By Laura Pakis, Certified Professional Dog Trainer and Blogger,

Recently I attended a TEDx Columbus event on the topic of trust.  It made me think about the dogs I work with and my interactions with them and their owners.  I started to consider what it was that allowed me to work with some dogs relaxed and comfortable and others with great reserve.  What was it that helped me make my decisions…something tangible or was it a gut feeling that allowed me to put trust in the dog.  As I thought more about it, I decided it was a bit of both and it included repetitive patterns which helped build trust.  Having a positive relationship with a dog builds trust.

Tangible trust

You can learn a lot about a dog by just watching them.  It’s kind of like putting together a puzzle.  Each piece of their body tells you something.  Is their body relaxed, loose, maybe even a bit wiggly?  Do they approach you at an angle or straight at you?  Are their eyes soft or intensely focused?
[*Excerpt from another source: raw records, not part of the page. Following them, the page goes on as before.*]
lemma cycle_arcs_irrefl:
  assumes "distinct cyc" "1 < length cyc"
  shows "(i, i) \<notin> cycle_arcs cyc"
proof
  assume "(i, i) \<in> cycle_arcs cyc"
  then obtain k where k: "k < length cyc" "cyc ! k = cyc ! ((k + 1) mod length cyc)"
    by (auto simp: cycle_arcs_def)
  moreover have "(k + 1) mod length cyc < length cyc"
    using k(1) by (intro mod_less_divisor) linarith
  ultimately have k_eq: "k = (k + 1) mod length cyc"
    using nth_eq_iff_index_eq[OF assms(1)] by blast
  show False
  proof (cases "k + 1 < length cyc")
    case True
    then have "(k + 1) mod length cyc = k + 1"
      by (rule mod_less)
    with k_eq show False by simp
  next
    case False
    with k(1) have "k + 1 = length cyc" by simp
    with k_eq have "k = 0" by simp
    with \<open>k + 1 = length cyc\<close> assms(2) show False by simp
  qed
qed

lemma ccp_point_cycle_has_slack_arc:
  assumes p: "(x, y, z) \<in> ccp_points n m"
    and cyc: "distinct cyc" "set cyc \<subseteq> {1..n}" "1 < length cyc" "length cyc < m"
    and U: "U \<subset> cycle_arcs cyc"
  shows "\<exists>(i, j) \<in> cycle_arcs cyc. z i j = 0 \<and> ((i, j) \<notin> U \<or> ysym y i j = 0)"
proof (rule ccontr)
  assume "\<not> ?thesis"
  then have tight: "z i j = 1 \<or> ((i, j) \<in> U \<and> ysym y i j = 1)"
    if "(i, j) \<in> cycle_arcs cyc" for i j
    using that ccp_point_binary(2,3)[OF p, of i j] by auto
  have "\<forall>i\<in>{1..n}. \<exists>s. s \<in> {1..m} \<and> x i = (\<lambda>t. if t = s then 1 else 0)"
    using ccp_point_cluster[OF p] by (metis (no_types))
  then obtain cl where cl: "\<forall>i\<in>{1..n}. cl i \<in> {1..m} \<and> x i = (\<lambda>t. if t = cl i then 1 else 0)"
    by metis
  define l where "l = length cyc"
  define c where "c k = cl (cyc ! k)" for k
  have l_bounds: "0 < l" "l < m"
    using cyc(3,4) unfolding l_def by linarith+
  then have "2 \<le> m"
    by simp
  have arc: "(cyc ! k, cyc ! ((k + 1) mod l)) \<in> cycle_arcs cyc" if "k < l" for k
    using that by (auto simp: cycle_arcs_def l_def)
  have arc_step:
    "z (cyc ! k) (cyc ! ((k + 1) mod l)) = 1 \<Longrightarrow> c ((k + 1) mod l) = csucc m (c k)"
    "ysym y (cyc ! k) (cyc ! ((k + 1) mod l)) = 1 \<Longrightarrow> c ((k + 1) mod l) = c k"
    if "k < l" for k
  proof -
    have ends: "cyc ! k \<in> {1..n}" "cyc ! ((k + 1) mod l) \<in> {1..n}"
      using arc[OF that] cycle_arcs_subset[of cyc] cyc(2) by blast+
    have ne: "cyc ! k \<noteq> cyc ! ((k + 1) mod l)"
      using arc[OF that] cycle_arcs_irrefl[OF cyc(1,3)] by auto
    have cls: "cl (cyc ! k) \<in> {1..m}" "x (cyc ! k) = (\<lambda>t. if t = cl (cyc ! k) then 1 else 0)"
      "x (cyc ! ((k + 1) mod l)) = (\<lambda>t. if t = cl (cyc ! ((k + 1) mod l)) then 1 else 0)"
      using cl ends by auto
    note clusters = ccp_point_arc_clusters[OF p \<open>2 \<le> m\<close> ends ne cls]
    show "z (cyc ! k) (cyc ! ((k + 1) mod l)) = 1 \<Longrightarrow> c ((k + 1) mod l) = csucc m (c k)"
      unfolding c_def by (rule clusters(1))
    show "ysym y (cyc ! k) (cyc ! ((k + 1) mod l)) = 1 \<Longrightarrow> c ((k + 1) mod l) = c k"
      unfolding c_def by (rule clusters(2))
  qed
  have "\<forall>k<l. c ((k + 1) mod l) = csucc m (c k) \<or> c ((k + 1) mod l) = c k"
    using tight[OF arc] arc_step by blast
  then have "\<forall>k<l. c ((k + 1) mod l) \<noteq> csucc m (c k)"
    by (rule cyclic_walk_never_advances[OF l_bounds])
  then have "(cyc ! k, cyc ! ((k + 1) mod l)) \<in> U" if "k < l" for k
    using that tight[OF arc] arc_step by blast
  then have "cycle_arcs cyc \<subseteq> U"
    by (auto simp: cycle_arcs_def l_def)
  with U show False by blast
qed

lemma ccp_points_subtour_inequality:
  assumes p: "(x, y, z) \<in> ccp_points n m"
    and cyc: "distinct cyc" "set cyc \<subseteq> {1..n}" "1 < length cyc" "length cyc < m"
    and U: "U \<subset> cycle_arcs cyc"
  shows "(\<Sum>(i, j) \<in> cycle_arcs cyc. z i j) + (\<Sum>(i, j) \<in> U. ysym y i j)
           \<le> real (card (cycle_arcs cyc)) - 1"
proof -
  define K where "K = cycle_arcs cyc"
  define g where
    "g a = (case a of (i, j) \<Rightarrow> z i j) + (if a \<in> U then (case a of (i, j) \<Rightarrow> ysym y i j) else 0)"
    for a
  have y_part: "(\<Sum>(i, j) \<in> U. ysym y i j)
      = (\<Sum>a\<in>K. if a \<in> U then (case a of (i, j) \<Rightarrow> ysym y i j) else 0)"
    using sum.inter_restrict[OF finite_cycle_arcs, of _ cyc U] U by (simp add: K_def Int_absorb1)
  have sum_g: "(\<Sum>(i, j) \<in> K. z i j) + (\<Sum>(i, j) \<in> U. ysym y i j) = sum g K"
    unfolding g_def sum.distrib y_part ..
  have g_le_1: "g a \<le> 1" if "a \<in> K" for a
  proof (cases a)
    case (Pair i j)
    with that cycle_arcs_subset[of cyc] cyc(2) have ends: "i \<in> {1..n}" "j \<in> {1..n}"
      by (auto simp: K_def)
    moreover have "i \<noteq> j"
      using that Pair cycle_arcs_irrefl[OF cyc(1,3)] by (auto simp: K_def)
    moreover have "ysym y i j \<ge> 0"
      using ccp_point_binary(2)[OF p, of i j] by auto
    ultimately show ?thesis
      using ccp_point_ysym_z_le_1[OF p ends \<open>i \<noteq> j\<close>] Pair by (auto simp: g_def)
  qed
  obtain a where "a \<in> K" "g a = 0"
    using ccp_point_cycle_has_slack_arc[OF p cyc U] by (auto simp: K_def g_def)
  then have "sum g K \<le> real (card K) - 1"
    using sum_le_card_minus_1[of K a g] finite_cycle_arcs g_le_1 by (auto simp: K_def)
  with sum_g show ?thesis
    by (simp add: K_def)
qed

lemma CCP_inequality_if_ccp_points:
  fixes A B :: "(nat \<times> nat) set" and b :: real
  assumes valid:
    "\<forall>(x, y, z) \<in> ccp_points n m. (\<Sum>(i, j) \<in> A. z i j) + (\<Sum>(i, j) \<in> B. ysym y i j) \<le> b"
  shows "\<forall>(x, y, z) \<in> CCP n m. (\<Sum>(i, j) \<in> A. z i j) + (\<Sum>(i, j) \<in> B. ysym y i j) \<le> b"
proof clarify
  fix x y z
  assume "(x, y, z) \<in> CCP n m"
  then obtain k c and q :: "nat \<Rightarrow> ccpoint"
    where cq: "\<forall>t<k. c t \<ge> 0 \<and> q t \<in> ccp_points n m" "(\<Sum>t<k. c t) = 1"
    and y: "y = (\<lambda>i j. \<Sum>t<k. c t * fst (snd (q t)) i j)"
    and z: "z = (\<lambda>i j. \<Sum>t<k. c t * snd (snd (q t)) i j)"
    unfolding CCP_def mem_Collect_eq case_prod_conv by blast
  define F where
    "F p = (\<Sum>(i, j) \<in> A. snd (snd p) i j) + (\<Sum>(i, j) \<in> B. ysym (fst (snd p)) i j)"
    for p :: ccpoint
  have F_le: "F (q t) \<le> b" if "t < k" for t
  proof -
    have "q t \<in> ccp_points n m"
      using cq(1) that by blast
    from valid[rule_format, OF this] show ?thesis
      by (simp add: F_def split_def)
  qed
  have "(\<Sum>(i, j) \<in> A. z i j) = (\<Sum>t<k. c t * (\<Sum>(i, j) \<in> A. snd (snd (q t)) i j))"
    unfolding z split_def sum_distrib_left by (rule sum.swap)
  moreover have "(\<Sum>(i, j) \<in> B. ysym y i j)
      = (\<Sum>t<k. c t * (\<Sum>(i, j) \<in> B. ysym (fst (snd (q t))) i j))"
    unfolding y ysym_def split_def sum_distrib_left by (rule sum.swap)
  ultimately have "(\<Sum>(i, j) \<in> A. z i j) + (\<Sum>(i, j) \<in> B. ysym y i j) = (\<Sum>t<k. c t * F (q t))"
    by (simp add: F_def distrib_left sum.distrib)
  also have "\<dots> \<le> (\<Sum>t<k. c t * b)"
    using cq(1) F_le by (intro sum_mono mult_left_mono) auto
  also have "\<dots> = b"
    using cq(2) by (simp add: sum_distrib_right[symmetric])
  finally show "(\<Sum>(i, j) \<in> A. z i j) + (\<Sum>(i, j) \<in> B. ysym y i j) \<le> b" .
qed

theorem mainTheorem5:
  fixes n m :: nat and cyc :: "nat list" and U :: "(nat \<times> nat) set"
  assumes "n \<ge> 1" and "m \<ge> 1"
    and "distinct cyc" and "set cyc \<subseteq> {1..n}"
    and "1 < length cyc" and "length cyc < m"
    and "U \<subset> cycle_arcs cyc"
  shows "\<forall>(x, y, z) \<in> CCP n m.
           (\<Sum>(i, j) \<in> cycle_arcs cyc. z i j) + (\<Sum>(i, j) \<in> U. ysym y i j)
             \<le> real (card (cycle_arcs cyc)) - 1"
  using ccp_points_subtour_inequality[OF _ assms(3-7)]
  by (intro CCP_inequality_if_ccp_points) blast

end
What about their ears, are they stiff and alert, pulled back or relaxed?  Even where their tail sits can tell you whether the dog is comfortable or aroused.  Observing these small things can give you a heads up on the dog even before you start interacting with it.  You may even notice your dog looking at you before and after it makes a decision or performs an action as it develops it’s relationship with you.

Gut feeling

There is a moment that hits you, not necessarily tangible but more of a feeling, when you know the dog will respond in a certain way.  It doesn’t mean you can let your guard down or leave your baby with the dog.  It does mean that you have confidence in the dog’s behavior to respond a certain way.  And the dog has respect in you that you will respond to them in a fair and responsible way.

There is no global trust

Dogs are animals and things happen.  You can’t unconditionally trust a dog to react a certain way.  Somewhere in the back of your mind there needs to be the respect that this free spirit has a mind of its own and may respond through a bite, snap or just not following through with what is asked of it.  Cindy Bennett Martin put it best, “There is no global trust.  There is “this context” or “that context”.  Knowing this while repeating the behaviors you want and actively watching your dog’s body language will improve your bond and gain the “trust” we all want with a dog.